Strategies to address current limitations

In order to realise the potential bioengineering, including the use of bioprinting for closing the organ donor gap, there is a need for innovative thinking, which encompasses scalability of current technologies and novel printing methodologies, whilst also accounting for cost-effectiveness. Currently, the biggest hurdle to overcome is the requirement of faster printers capable of higher resolution, than is currently available. Rather than attempting to optimise a single manufacturing process for the creation of a fully functioning kidney, the best approach may be to combine techniques to recreate the structural heterogeneity, tissue hierarchical structure, and functionality.

There is also a need for post-printing maturation of printed tissues under physiological conditions [109] which could be met via the use of bioreactors, or in vivo maturation, although this would require the native tissue to be non-vital and not completely dysfunctional [109]. Researchers should be working alongside regulators from the outset when developing any bioprinted organ to facilitate clinical realisation and translation.

The most likely application for bioprinted organs in the near future is the use of mini-tissues [201] for use in prostheses, predicting therapeutic and/or toxic responses [86, 202], whilst potentially decreasing the costs of novel drug discovery and increasing the understanding of disease mechanisms [99, 115, 203], whilst decreasing the reliance upon animal models [201]. It is likely that cellular therapies that promote natural repair pathways will reach clinical realisation prior to cell replacement therapies although supramolecular hydrogels with reversible crosslinking [204] and stimulus-responsive materials for biomimetic 4D printing [205] are beginning to show promise in the potential for augmented grafting which could offer a bridge towards whole organ engineering.

Conclusion

A review of current regenerative research demonstrates that work to advance 3D organ printing is abundant, but thus far falling short of providing a solution to current organ crises especially in the case of kidney transplantation.
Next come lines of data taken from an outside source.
lemma exists_Alt_near_P_Node:
  assumes L: "L = P_label astar" and cs: "cs \<noteq> []" and dis: "distinct (leaves (Node L cs))"
    and children: "\<And>j e'. \<lbrakk>j < length cs; 0 < e'\<rbrakk> \<Longrightarrow> \<exists>lam\<in>Alt X th astar (cs ! j).
      (\<Sum>l\<in>desc (cs ! j). w l * d (mu l) (lam l)) < inner_value d th mu astar (cs ! j) w + e'"
    and "0 < e"
  shows "\<exists>lam\<in>Alt X th astar (Node L cs).
    (\<Sum>l\<in>desc (Node L cs). w l * d (mu l) (lam l)) < inner_value d th mu astar (Node L cs) w + e"
proof -
  let ?n = "length cs"
  let ?v = "inner_value d th mu astar"
  let ?S = "\<lambda>lam A. \<Sum>l\<in>A. w l * d (mu l) (lam l)"
  have "0 < e / ?n" using cs \<open>0 < e\<close> by simp
  then have "\<forall>j. \<exists>lam. j < ?n \<longrightarrow> lam \<in> Alt X th astar (cs ! j) \<and> ?S lam (desc (cs ! j)) < ?v (cs ! j) w + e / ?n"
    using children by blast
  then obtain f where f: "\<And>j. j < ?n \<Longrightarrow> f j \<in> Alt X th astar (cs ! j) \<and> ?S (f j) (desc (cs ! j)) < ?v (cs ! j) w + e / ?n"
    by metis
  then have f_Alt: "\<And>j. j < ?n \<Longrightarrow> f j \<in> Alt X th astar (cs ! j)" by blast
  obtain lam where lam_Alt: "lam \<in> Alt X th astar (Node L cs)"
    and lam: "\<And>j l. \<lbrakk>j < ?n; l \<in> desc (cs ! j)\<rbrakk> \<Longrightarrow> lam l = f j l"
    using Alt_P_Node_glue[OF L cs dis f_Alt] by blast
  have "?S lam (desc (Node L cs)) = (\<Sum>j<?n. ?S (f j) (desc (cs ! j)))"
    unfolding sum_desc_Node[OF dis] using lam by simp
  also have "\<dots> < (\<Sum>j<?n. ?v (cs ! j) w + e / ?n)" using f cs by (intro sum_strict_mono) auto
  also have "\<dots> = ?v (Node L cs) w + e" using cs by (simp add: inner_value_P_Node[OF L] sum.distrib)
  finally show ?thesis using lam_Alt by blast
qed

context monotone_divergence
begin

lemma leaf_dist_le:
  assumes "x \<in> X" "y \<in> X" "th \<in> X" "(th \<le> y) \<noteq> astar"
  shows "leaf_dist d th astar x \<le> d x y"
  using assms d_nonneg[OF assms(1,2)] d_antimono_below[OF assms(1,2,3)] d_mono_above[OF assms(1,3,2)]
  unfolding leaf_dist_def by (cases astar) auto

lemma exists_flip_leaf:
  assumes x: "x \<in> X" and th: "th \<in> X" and "0 < e"
  shows "\<exists>y\<in>X. (th \<le> y) \<noteq> astar \<and> d x y < leaf_dist d th astar x + e"
proof -
  consider "astar" "th \<le> x" | "\<not> astar" "x < th" | "\<not> ((astar \<and> th \<le> x) \<or> (\<not> astar \<and> x < th))"
    by blast
  then show ?thesis
  proof cases
    case 1
    then show ?thesis using d_approx_from_below[OF x th \<open>0 < e\<close>] by (auto simp: leaf_dist_def not_le)
  next
    case 2
    then show ?thesis using th \<open>0 < e\<close> by (auto simp: leaf_dist_def)
  next
    case 3
    then show ?thesis using x \<open>0 < e\<close> d_self[OF x] by (intro bexI[of _ x]) (auto simp: leaf_dist_def)
  qed
qed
The main issues preventing functional human kidney constructs being developed are slow manufacture time, clinically inadequate printing methods, and biomaterial availability and ethicality. Innovative new printing methods are being designed, which incorporate some hybrid techniques, but do not yet combine multiple processes to manufacture whole kidney structures. This is limited by the relative infancy of the field and is still at a fundamental stage rather than translational. Current research has, however, advanced in understanding which cell types are viable for specific organ components (e.g. functional tissue-derived SCs for tissue construction and bone marrow-derived mesenchymal stem cells (MSCs) for component connection. The central challenge of 3D organ printing is to reproduce the complex microarchitecture of ECM components and multiple cell types in sufficient resolution for normal biological function, and the current research indicates we are unable to do this adequately enough for clinical trials to go ahead at this stage, meaning that the kidney crisis faces further uncertainty in the near future.